Please print every line from the one containing "b = index_map" through the last line of the records below, exactly as written and nothing more.

> Extracted records
-------
(* Let $g$ be a constant indefinite pseudo-Riemann metric on $\mathbb R^4$ (i.e. of signature $(-+++)$, $(+---)$ or $(--++)$), let $C_1\in\mathbb R\setminus\{0\}$ and $C_2\in\mathbb R$, and let $\kappa=C_1\ast_g+C_2\operatorname{Id}\in\Omega^2_2(\mathbb R^4)$. Then $\kappa$ is not decomposable.
   Context: A tensor on $\mathbb R^4$ is constant if its components are constant in a fixed global coordinate system $\{x^i\}_{i=0}^3$. $\varepsilon_{ijkl}$ denotes the Levi-Civita permutation symbol. $\Omega^2_2(\mathbb R^4)$ is the space of tensor fields $\kappa=\frac18\kappa^{ij}_{rs}\,dx^r\wedge dx^s\otimes\partial_i\wedge\partial_j$ (components antisymmetric in $ij$ and $rs$), acting on 2-forms by $\kappa(\frac12F_{ij}dx^i\wedge dx^j)=\frac12G_{ij}dx^i\wedge dx^j$, $G_{ij}=\frac12\kappa^{ab}_{ij}F_{ab}$. $\operatorname{Id}^{ij}_{rs}=\delta^i_r\delta^j_s-\delta^i_s\delta^j_r$. Hodge star: $(\ast_g)^{ij}_{rs}=\sqrt{|\det g|}\,g^{ia}g^{jb}\varepsilon_{abrs}$ with $g^{ij}$ the inverse of $g_{ij}$. For a bivector $A=\frac12A^{ij}\partial_i\wedge\partial_j$ and 2-form $F$, $F(A)=\frac12F_{ij}A^{ij}$. A plane wave for $\kappa$ is a pair $F=\operatorname{Re}\{e^{i\Phi}X\}$, $G=\operatorname{Re}\{e^{i\Phi}Y\}$ with $\Phi:\mathbb R^4\to\mathbb R$, $d\Phi$ constant and nonzero, $X,Y$ constant complex 2-forms not both zero, solving $dF=0$, $dG=0$, $G=\kappa(F)$. $\kappa$ (constant) is decomposable if there exist nonzero constant bivectors $A,B$ such that every plane wave $F,G$ of $\kappa$ satisfies $F(A)=0$ identically or $F(B)=0$ identically. *)

theory Defs
  imports "HOL-Analysis.Analysis"
begin

text \<open>Coordinates x^0..x^3 of R^4 are indexed by the finite type 4, with
  index numerals 0,1,2,3 :: 4. Points of R^4 are real^4.\<close>

definition levi_civita :: "4 \<Rightarrow> 4 \<Rightarrow> 4 \<Rightarrow> 4 \<Rightarrow> real" where
  "levi_civita a b c d =
     (let p = (\<lambda>i::4. if i = 0 then a else if i = 1 then b else if i = 2 then c else d)
      in if p permutes UNIV then of_int (sign p) else 0)"

definition indefinite_metric :: "real^4^4 \<Rightarrow> bool" where
  "indefinite_metric g \<longleftrightarrow> transpose g = g \<and> det g \<noteq> 0 \<and>
     (\<exists>v. v \<bullet> (g *v v) > 0) \<and> (\<exists>w. w \<bullet> (g *v w) < 0)"

text \<open>Components kappa^{ij}_{rs} of the Hodge star, indexed as (i j r s).\<close>
definition hodge :: "real^4^4 \<Rightarrow> 4 \<Rightarrow> 4 \<Rightarrow> 4 \<Rightarrow> 4 \<Rightarrow> real" where
  "hodge g i j r s = sqrt \<bar>det g\<bar> *
     (\<Sum>a\<in>UNIV. \<Sum>b\<in>UNIV. matrix_inv g $ i $ a * matrix_inv g $ j $ b * levi_civita a b r s)"

definition Id22 :: "4 \<Rightarrow> 4 \<Rightarrow> 4 \<Rightarrow> 4 \<Rightarrow> real" where
  "Id22 i j r s = (if i = r then 1 else 0) * (if j = s then 1 else 0)
                - (if i = s then 1 else 0) * (if j = r then 1 else 0)"

definition act :: "(4 \<Rightarrow> 4 \<Rightarrow> 4 \<Rightarrow> 4 \<Rightarrow> real) \<Rightarrow> (4 \<Rightarrow> 4 \<Rightarrow> real) \<Rightarrow> 4 \<Rightarrow> 4 \<Rightarrow> real" where
  "act \<kappa> F i j = (1/2) * (\<Sum>a\<in>UNIV. \<Sum>b\<in>UNIV. \<kappa> a b i j * F a b)"

definition pderiv4 :: "(real^4 \<Rightarrow> real) \<Rightarrow> 4 \<Rightarrow> real^4 \<Rightarrow> real" where
  "pderiv4 f i x = frechet_derivative f (at x) (axis i 1)"

definition closed2 :: "(real^4 \<Rightarrow> 4 \<Rightarrow> 4 \<Rightarrow> real) \<Rightarrow> bool" where
  "closed2 F \<longleftrightarrow> (\<forall>x i j. (\<lambda>y. F y i j) differentiable (at x)) \<and>
     (\<forall>x i j k. pderiv4 (\<lambda>y. F y j k) i x + pderiv4 (\<lambda>y. F y k i) j x
               + pderiv4 (\<lambda>y. F y i j) k x = 0)"

definition antisym2 :: "(4 \<Rightarrow> 4 \<Rightarrow> 'a::ab_group_add) \<Rightarrow> bool" where
  "antisym2 X \<longleftrightarrow> (\<forall>i j. X i j = - X j i)"

definition plane_wave ::
  "(4 \<Rightarrow> 4 \<Rightarrow> 4 \<Rightarrow> 4 \<Rightarrow> real) \<Rightarrow> (real^4 \<Rightarrow> 4 \<Rightarrow> 4 \<Rightarrow> real) \<Rightarrow> (real^4 \<Rightarrow> 4 \<Rightarrow> 4 \<Rightarrow> real) \<Rightarrow> bool" where
  "plane_wave \<kappa> F G \<longleftrightarrow>
     (\<exists>(\<Phi>::real^4 \<Rightarrow> real) (\<xi>::real^4) (X::4 \<Rightarrow> 4 \<Rightarrow> complex) (Y::4 \<Rightarrow> 4 \<Rightarrow> complex).
        \<xi> \<noteq> 0 \<and> (\<forall>x. (\<Phi> has_derivative (\<lambda>v. \<xi> \<bullet> v)) (at x)) \<and>
        antisym2 X \<and> antisym2 Y \<and> (X \<noteq> (\<lambda>i j. 0) \<or> Y \<noteq> (\<lambda>i j. 0)) \<and>
        (\<forall>x i j. F x i j = Re (exp (\<i> * complex_of_real (\<Phi> x)) * X i j)) \<and>
        (\<forall>x i j. G x i j = Re (exp (\<i> * complex_of_real (\<Phi> x)) * Y i j)) \<and>
        closed2 F \<and> closed2 G \<and> (\<forall>x. G x = act \<kappa> (F x)))"

definition pair2 :: "(4 \<Rightarrow> 4 \<Rightarrow> real) \<Rightarrow> (4 \<Rightarrow> 4 \<Rightarrow> real) \<Rightarrow> real" where
  "pair2 F A = (1/2) * (\<Sum>i\<in>UNIV. \<Sum>j\<in>UNIV. F i j * A i j)"

definition decomposable :: "(4 \<Rightarrow> 4 \<Rightarrow> 4 \<Rightarrow> 4 \<Rightarrow> real) \<Rightarrow> bool" where
  "decomposable \<kappa> \<longleftrightarrow>
     (\<exists>A B. antisym2 A \<and> antisym2 B \<and> A \<noteq> (\<lambda>i j. 0) \<and> B \<noteq> (\<lambda>i j. 0) \<and>
        (\<forall>F G. plane_wave \<kappa> F G \<longrightarrow>
           (\<forall>x. pair2 (F x) A = 0) \<or> (\<forall>x. pair2 (F x) B = 0)))"

end

theory Submission
  imports Defs
begin

text \<open>
  Suppose \<open>\<kappa> = C1 \<ast>\<^sub>g + C2 Id\<close> were decomposable with bivectors \<open>A\<close>, \<open>B\<close>.
  For a covector \<open>\<xi>\<close> that is null for the inverse metric \<open>h = g\<inverse>\<close> and a covector \<open>a\<close>
  that is \<open>h\<close>-orthogonal to \<open>\<xi>\<close>, the field \<open>F = cos (\<xi>\<cdot>x) (\<xi> \<and> a)\<close> is closed and so is
  \<open>\<kappa> F\<close>, because \<open>\<xi> \<and> \<ast>(\<xi> \<and> a) = 0\<close>; hence \<open>(F, \<kappa> F)\<close> is a plane wave.  It therefore
  suffices to find such \<open>\<xi>, a\<close> with \<open>A(\<xi>,a) \<noteq> 0\<close> and \<open>B(\<xi>,a) \<noteq> 0\<close> simultaneously.
  Since \<open>h\<close> is indefinite it has a null vector \<open>z0\<close>; the null cone is then swept out
  (rationally) by \<open>\<xi>(v) = h(v,v) z0 - 2 h(z0,v) v\<close>, and vectors orthogonal to \<open>\<xi>\<close> by
  \<open>a(z,w) = h(\<xi>,w) z - h(\<xi>,z) w\<close>.  The quantity \<open>A(\<xi>(v), a(v,z,w))\<close> is a polynomial in
  \<open>(v,z,w)\<close> which vanishes identically only if \<open>A = 0\<close> (in dimension \<open>\<ge> 3\<close>); two nonzero
  polynomials have a common non-zero along a line, which gives the required \<open>\<xi>, a\<close>.
\<close>

section \<open>The Levi-Civita symbol\<close>

definition perm_sign :: "('a::finite \<Rightarrow> 'a) \<Rightarrow> real" where
  "perm_sign p = (if p permutes UNIV then of_int (sign p) else 0)"

definition index_map :: "4 \<Rightarrow> 4 \<Rightarrow> 4 \<Rightarrow> 4 \<Rightarrow> 4 \<Rightarrow> 4" where
  "index_map a b c d = (\<lambda>i. if i = 0 then a else if i = 1 then b else if i = 2 then c else d)"

lemma levi_civita_perm_sign: "levi_civita a b c d = perm_sign (index_map a b c d)"
  unfolding levi_civita_def perm_sign_def index_map_def Let_def by simp

lemma perm_sign_compose_transpose:
  assumes "x \<noteq> y"
  shows "perm_sign (p \<circ> Transposition.transpose x y) = - perm_sign p"
proof -
  let ?t = "Transposition.transpose x y"
  have t: "?t permutes UNIV" by (rule permutes_swap_id) auto
  have "p = (p \<circ> ?t) \<circ> ?t" by (auto simp: fun_eq_iff)
  then have perm_iff: "(p \<circ> ?t) permutes UNIV \<longleftrightarrow> p permutes UNIV"
    using permutes_compose[OF t, of p] permutes_compose[OF t, of "p \<circ> ?t"] by metis
  show ?thesis
  proof (cases "p permutes UNIV")
    case True
    have "sign (p \<circ> ?t) = sign p * sign ?t"
      using True t by (simp add: sign_compose permutes_imp_permutation)
    then show ?thesis using True perm_iff assms unfolding perm_sign_def by (simp add: sign_swap_id)
  qed (use perm_iff in \<open>simp add: perm_sign_def\<close>)
qed

lemma perm_sign_not_inj:
  assumes "x \<noteq> y" "p x = p y"
  shows "perm_sign p = 0"
  using assms permutes_inj[of p UNIV] unfolding perm_sign_def by (auto simp: inj_def)

lemma index4_cases: "(i::4) = 0 \<or> i = 1 \<or> i = 2 \<or> i = 3"
  using exhaust_4[of i] by auto

lemma index_map_transpose:
  "index_map b a c d = index_map a b c d \<circ> Transposition.transpose 0 1"
  "index_map c b a d = index_map a b c d \<circ> Transposition.transpose 0 2"
  "index_map d b c a = index_map a b c d \<circ> Transposition.transpose 0 3"
  "index_map a c b d = index_map a b c d \<circ> Transposition.transpose 1 2"
  "index_map a d c b = index_map a b c d \<circ> Transposition.transpose 1 3"
  "index_map a b d c = index_map a b c d \<circ> Transposition.transpose 2 3"
  by (rule ext, use index4_cases in \<open>auto simp: index_map_def Transposition.transpose_def\<close>)+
-------
> Solved exercise
  "index_map a d c b = index_map a b c d \<circ> Transposition.transpose 1 3"
  "index_map a b d c = index_map a b c d \<circ> Transposition.transpose 2 3"
  by (rule ext, use index4_cases in \<open>auto simp: index_map_def Transposition.transpose_def\<close>)+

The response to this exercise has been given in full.